BALTIMORE (WJZ) — Acquitted by the court, now answering to their own department. The first of five officers to potentially face internal discipline for his role in the Freddie Gray case began his administrative trial Monday.
WJZ's Kimberly Eiten was there for hours of arguments.
Officer Caesar Goodson is the first of five to come up for administrative trial.
He drove the van where Freddie Gray was fatally injured, and could now lose his badge.
Trading a blue uniform for a brown suit, Goodson sat in a University of Baltimore hall, where a panel of officers will decide if he gets to keep his job.

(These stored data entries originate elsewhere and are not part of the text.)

lemma Hardy_pointwise:
  fixes \<phi> :: "real \<Rightarrow> real" and p r :: real
  assumes \<phi>m: "\<phi> \<in> borel_measurable borel" and \<phi>0: "\<And>s. 0 \<le> \<phi> s" and p: "1 \<le> p"
    and r: "0 \<le> r" "r < 1"
  shows "ennpow (\<integral>\<^sup>+s. ennreal (\<phi> s / (1 - s)) * indicator {0..r} s \<partial>lborel) p
      \<le> ennreal (p powr (p - 1) * (1 - r) powr (-((p - 1) / p)))
         * (\<integral>\<^sup>+s. ennreal (\<phi> s powr p * (1 - s) powr (-1/p)) * indicator {0..r} s \<partial>lborel)"
proof -
  define x where "x s = ennreal (\<phi> s * (1 - s) powr (1/p))" for s
  define w where "w s = ennreal ((1 - s) powr (-1 - 1/p)) * indicator {0..r} s" for s
  have xm: "x \<in> borel_measurable lborel" unfolding x_def using \<phi>m by (simp add: measurable_lborel1) measurable
  have wm: "w \<in> borel_measurable lborel" unfolding w_def by measurable
  have PM: "ennpow (\<integral>\<^sup>+s. x s * w s \<partial>lborel) p \<le> ennpow (\<integral>\<^sup>+s. w s \<partial>lborel) (p - 1) * (\<integral>\<^sup>+s. ennpow (x s) p * w s \<partial>lborel)"
    by (rule nn_integral_power_mean[OF xm wm p])
  have e1: "(\<integral>\<^sup>+s. x s * w s \<partial>lborel) = (\<integral>\<^sup>+s. ennreal (\<phi> s / (1 - s)) * indicator {0..r} s \<partial>lborel)"
  proof (intro nn_integral_cong)
    fix s :: real
    have "\<phi> s * (1 - s) powr (1/p) * (1 - s) powr (-1 - 1/p) = \<phi> s / (1 - s)" if "s \<le> r"
      using that r by (simp add: mult.assoc powr_add[symmetric] powr_minus_divide)
    then show "x s * w s = ennreal (\<phi> s / (1 - s)) * indicator {0..r} s"
      using \<phi>0[of s] by (auto simp: x_def w_def indicator_def ennreal_mult[symmetric])
  qed
  have e2: "(\<integral>\<^sup>+s. ennpow (x s) p * w s \<partial>lborel)
      = (\<integral>\<^sup>+s. ennreal (\<phi> s powr p * (1 - s) powr (-1/p)) * indicator {0..r} s \<partial>lborel)"
  proof (intro nn_integral_cong)
    fix s :: real
    have "(\<phi> s * (1 - s) powr (1/p)) powr p * (1 - s) powr (-1 - 1/p) = \<phi> s powr p * (1 - s) powr (-1/p)"
      if "s \<le> r"
      using that r p \<phi>0[of s]
      by (simp add: powr_mult powr_powr mult.assoc powr_add[symmetric] powr_mult_base)
    then show "ennpow (x s) p * w s = ennreal (\<phi> s powr p * (1 - s) powr (-1/p)) * indicator {0..r} s"
      using \<phi>0[of s] by (auto simp: x_def w_def indicator_def ennpow_ennreal ennreal_mult[symmetric])
  qed
  have e3: "(\<integral>\<^sup>+s. w s \<partial>lborel) = ennreal (((1 - 0) powr (-1 - 1/p + 1) - (1 - r) powr (-1 - 1/p + 1)) / (-1 - 1/p + 1))"
    unfolding w_def by (rule nn_integral_one_minus_powr_Icc) (use r p in auto)
  have "((1 - 0) powr (-1 - 1/p + 1) - (1 - r) powr (-1 - 1/p + 1)) / (-1 - 1/p + 1) = p * ((1 - r) powr (-1/p) - 1)"
    using p by (simp add: field_simps)
  also have "\<dots> \<le> p * (1 - r) powr (-1/p)" using p by simp
  finally have W: "(\<integral>\<^sup>+s. w s \<partial>lborel) \<le> ennreal (p * (1 - r) powr (-1/p))"
    unfolding e3 by (rule ennreal_leI)
  have "ennpow (\<integral>\<^sup>+s. w s \<partial>lborel) (p - 1) \<le> ennpow (ennreal (p * (1 - r) powr (-1/p))) (p - 1)"
    by (rule ennpow_mono[OF W]) (use p in auto)
  also have "\<dots> = ennreal (p powr (p - 1) * (1 - r) powr (-((p - 1) / p)))"
  proof -
    have "(p * (1 - r) powr (-1/p)) powr (p - 1) = p powr (p - 1) * (1 - r) powr (-((p - 1) / p))"
      using p r by (simp add: powr_mult powr_powr)
    then show ?thesis using p r by (simp add: ennpow_ennreal)
  qed
  finally have W2: "ennpow (\<integral>\<^sup>+s. w s \<partial>lborel) (p - 1) \<le> ennreal (p powr (p - 1) * (1 - r) powr (-((p - 1) / p)))" .
  show ?thesis
    using PM unfolding e1 e2
    by (rule order_trans) (rule mult_right_mono[OF W2], simp)
qed

lemma sets_triangle_lborel: "{x :: real \<times> real. snd x \<le> fst x} \<in> sets (lborel \<Otimes>\<^sub>M lborel)"
proof -
  have "closed {x :: real \<times> real. snd x \<le> fst x}"
    by (intro closed_Collect_le continuous_intros)
  then have "{x :: real \<times> real. snd x \<le> fst x} \<in> sets lborel" by simp
  then show ?thesis by (simp only: lborel_prod)
qed

lemma measurable_nn_integral_Icc_upper:
  fixes B :: "real \<Rightarrow> ennreal"
  assumes [measurable]: "B \<in> borel_measurable lborel"
  shows "(\<lambda>r. \<integral>\<^sup>+s. B s * indicator {0..r} s \<partial>lborel) \<in> borel_measurable lborel"
proof -
  have "(\<lambda>x::real \<times> real. B (snd x) * indicator {0..} (snd x) * indicator {x. snd x \<le> fst x} x)
      \<in> borel_measurable (lborel \<Otimes>\<^sub>M lborel)"
    using sets_triangle_lborel by measurable
  then have "(\<lambda>r. \<integral>\<^sup>+s. (\<lambda>(r, s). B s * indicator {0..} s * indicator {x. snd x \<le> fst x} (r, s)) (r, s)
      \<partial>lborel) \<in> borel_measurable lborel"
    by (intro lborel.borel_measurable_nn_integral) (simp add: case_prod_beta')
  also have "(\<lambda>r. \<integral>\<^sup>+s. (\<lambda>(r, s). B s * indicator {0..} s * indicator {x. snd x \<le> fst x} (r, s)) (r, s)
      \<partial>lborel) = (\<lambda>r. \<integral>\<^sup>+s. B s * indicator {0..r} s \<partial>lborel)"
    by (intro ext nn_integral_cong) (auto simp: indicator_def)
  finally show ?thesis .
qed

lemma nn_integral_swap_Icc:
  fixes E B :: "real \<Rightarrow> ennreal"
  assumes [measurable]: "E \<in> borel_measurable lborel" "B \<in> borel_measurable lborel"
  shows "(\<integral>\<^sup>+r. E r * (\<integral>\<^sup>+s. B s * indicator {0..r} s \<partial>lborel) \<partial>lborel)
       = (\<integral>\<^sup>+s. B s * indicator {0..} s * (\<integral>\<^sup>+r. E r * indicator {s..} r \<partial>lborel) \<partial>lborel)"
proof -
  define G where "G r s = E r * (B s * indicator {0..} s) * indicator {x. snd x \<le> fst x} (r, s)"
    for r s :: real
  have "(\<lambda>x. E (fst x) * (B (snd x) * indicator {0..} (snd x)) * indicator {x. snd x \<le> fst x} x)
      \<in> borel_measurable (lborel \<Otimes>\<^sub>M lborel)"
    using sets_triangle_lborel by measurable
  then have Gm: "case_prod G \<in> borel_measurable (lborel \<Otimes>\<^sub>M lborel)"
    by (simp add: G_def case_prod_beta')
  have "(\<integral>\<^sup>+r. E r * (\<integral>\<^sup>+s. B s * indicator {0..r} s \<partial>lborel) \<partial>lborel)
      = (\<integral>\<^sup>+r. (\<integral>\<^sup>+s. G r s \<partial>lborel) \<partial>lborel)"
    by (auto simp: G_def nn_integral_cmult[symmetric] mult_ac indicator_def intro!: nn_integral_cong)
  also have "\<dots> = (\<integral>\<^sup>+s. (\<integral>\<^sup>+r. G r s \<partial>lborel) \<partial>lborel)"
    by (rule lborel_pair.Fubini'[OF Gm, symmetric])
  also have "\<dots> = (\<integral>\<^sup>+s. B s * indicator {0..} s * (\<integral>\<^sup>+r. E r * indicator {s..} r \<partial>lborel) \<partial>lborel)"
    by (auto simp: G_def nn_integral_cmult[symmetric] mult_ac indicator_def intro!: nn_integral_cong)
  finally show ?thesis .
qed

Hinging on whether or not he violated police policy and procedure while driving the van in which Freddie Gray would suffer deadly neck injuries back in April 2015.
During the first day of the trial, prosecutors played hours of video that showed internal affairs investigators questioning Goodson.

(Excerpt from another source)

(* Let $P$ be a Coxeter polytope with facet set $S$ and let $T_1,T_2\subset S$ be disjoint. If $T_1\cup T_2$ defines a face of $P$ and $T_1\subset T_2^\perp$, then each of $T_1\cup T_2^0$, $T_1\cup T_2^0\cup T_2^+$ and $T_1\cup T_2^0\cup T_2^-$ also defines a face of $P$.
   Context: A Cartan matrix on a finite set $S$: $A_{ss}=2$, $A_{st}\le0$ ($s\neq t$), $A_{st}=0\iff A_{ts}=0$, and $A_{st}A_{ts}\ge4$ or $=4\cos^2(\pi/k)$ for an integer $k\ge2$. A Coxeter polytope is a projective polytope $P\subset\mathbb{P}(V)$ with facet set $S$ and pairs $(\alpha_s,v_s)\in V^*\times V$ such that $A=A_P=(\alpha_s(v_t))_{s,t\in S}$ is a Cartan matrix and $\bigcap_s\{\alpha_s\le0\}$ is a cone lifting $P$. For $T\subset S$, $A_T=(A_{st})_{s,t\in T}$; the irreducible components of $T$ are the connected components of the graph on $T$ with edges $\{s,t\}$ where $A_{st}\neq0$. An irreducible Cartan matrix is of positive/zero/negative type according to the sign of its Perron–Frobenius eigenvalue (the simple real eigenvalue maximizing $|2-\mu|$ over eigenvalues $\mu$). $T^+$, $T^0$, $T^-$ denote the unions of the irreducible components of $T$ whose Cartan submatrices are of positive, zero, negative type respectively. $T^\perp=\{s\in S: A_{st}=0\ \text{for all } t\in T\}$. A subset $S'\subset S$ defines a face of $P$ if there exists $x\in V$ with $\alpha_s(x)=0$ for $s\in S'$ and $\alpha_s(x)<0$ for $s\notin S'$ (equivalently, $S'=S_f=\{s:f\subset\mathbb{P}(\ker\alpha_s)\}$ for some face $f$, possibly empty or $\mathrm{Int}P$). *)

theory Defs
  imports "HOL-Analysis.Analysis"
begin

Investigator: Did you in any way give Freddie Gray a rough ride?
Investigator: Did you have any intent for Freddie Gray to sustain injuries that day?
Prosecutors argue he had a duty to put a seat belt on Gray, or him into the van, and that Goodson failed to fully document stops between where he picked up Gray, and the police precinct.
One of dozens of rules he's accused of breaking.
His defense says that back when this happened, there was nothing in police policy about how to handle a combative prisoner.
University of Baltimore law professor David Jaros gave us his thoughts after watching Monday's arguments.
"There are a number of policies at play here," Jaros said. "I think one of the issues will not only be, was there a policy violated, but what is the significance of the failure."
Goodson is a 16-year veteran of the police force.
His trial is expected to go through the beginning of next week because of the huge amounts of evidence involved in the case.
If the panel decides that Goodson broke department policy, it's up to the police commissioner to determine his punishment.